lemma lift_top_marg_lift_top_marg:
  assumes "d \<phi> = top"
  shows "lift_top (marg (lift_top (marg \<phi> x)) y) = lift_top (marg \<phi> (inf x y))"
proof -
  let ?\<chi> = "marg \<phi> x"
  have d\<chi>: "d ?\<chi> = x" using assms by simp
  have "comb ?\<chi> (e (sup x y)) = comb (comb ?\<chi> (e x)) (e y)"
    by (simp only: comb_assoc e_comb_e)
  also have "\<dots> = comb (e y) ?\<chi>"
    unfolding comb_e_neutral[OF d\<chi>] by (rule comb_commute)
  finally have "marg (lift_top ?\<chi>) y = marg (comb (e y) ?\<chi>) y"
    using marg_marg[of y "sup x y" "lift_top ?\<chi>"] d\<chi> by (simp add: marg_lift_top)
  also have "\<dots> = comb (e y) (marg ?\<chi> (inf y x))"
    by (rule marg_comb) (simp_all add: d\<chi>)
  also have "\<dots> = comb (marg \<phi> (inf x y)) (e y)"
    using marg_marg[of "inf y x" x \<phi>] assms by (simp add: inf_commute comb_commute)
  finally show ?thesis by (simp add: lift_top_comb_e)
qed

lemma df_ia_quot: "df_ia Qcarrier Qcomb Qneutral Qfoc"
proof -
  have neutral: "Qcomb Qneutral (sclass \<phi>) = sclass \<phi>" for \<phi>
    unfolding quot_neutral_def quot_comb_sclass sclass_eq_iff lift_top_comb
    by (simp add: lift_top_eq_self e_comb_neutral)
  have transitivity: "Qfoc (Qfoc (sclass \<phi>) x) y = Qfoc (sclass \<phi>) (inf x y)" for \<phi> x y
    unfolding quot_foc_sclass sclass_eq_iff by (simp add: lift_top_marg_lift_top_marg)
  have combination:
    "Qfoc (Qcomb (Qfoc (sclass \<phi>) x) (sclass \<psi>)) x = Qcomb (Qfoc (sclass \<phi>) x) (Qfoc (sclass \<psi>) x)"
    for \<phi> \<psi> x
  proof -
    let ?\<mu> = "marg (lift_top \<phi>) x"
    have "lift_top (comb ?\<mu> \<psi>) = comb ?\<mu> (lift_top \<psi>)"
      unfolding lift_top_def by (simp add: comb_assoc)
    then show ?thesis
      using marg_comb[of ?\<mu> x "lift_top \<psi>" top]
      unfolding quot_foc_sclass quot_comb_sclass by simp
  qed
  have support: "\<exists>x. Qfoc (sclass \<phi>) x = sclass \<phi>" for \<phi>
    using marg_d[of "lift_top \<phi>"] unfolding quot_foc_sclass by (metis sclass_lift_top d_lift_top)
  have idempotency: "Qcomb (sclass \<phi>) (Qfoc (sclass \<phi>) x) = sclass \<phi>" for \<phi> x
  proof -
    have "comb (lift_top \<phi>) (comb (marg (lift_top \<phi>) x) (e top)) = lift_top \<phi>"
      using comb_marg_absorb[of x "lift_top \<phi>"]
      by (simp add: comb_assoc[symmetric] comb_e_neutral)
    then show ?thesis
      unfolding quot_foc_sclass quot_comb_sclass sclass_eq_iff lift_top_comb
      by (simp add: lift_top_def[of "marg _ _"])
  qed
  show ?thesis
    unfolding df_ia_def
    by (intro conjI ballI allI; (elim Qcarrier_cases)?; hypsubst?;
        (simp only: neutral transitivity combination support idempotency)?)
      (simp_all add: quot_comb_sclass quot_foc_sclass quot_neutral_def comb_ac)
qed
--*--
Directions for this task: What are the lines, exactly as written above, from the line with "for \<phi> x y" to the line with "(comb ?\<mu> \<psi>)", both included? Output only those.

Answer to the exercise:
  have transitivity: "Qfoc (Qfoc (sclass \<phi>) x) y = Qfoc (sclass \<phi>) (inf x y)" for \<phi> x y
    unfolding quot_foc_sclass sclass_eq_iff by (simp add: lift_top_marg_lift_top_marg)
  have combination:
    "Qfoc (Qcomb (Qfoc (sclass \<phi>) x) (sclass \<psi>)) x = Qcomb (Qfoc (sclass \<phi>) x) (Qfoc (sclass \<psi>) x)"
    for \<phi> \<psi> x
  proof -
    let ?\<mu> = "marg (lift_top \<phi>) x"
    have "lift_top (comb ?\<mu> \<psi>) = comb ?\<mu> (lift_top \<psi>)"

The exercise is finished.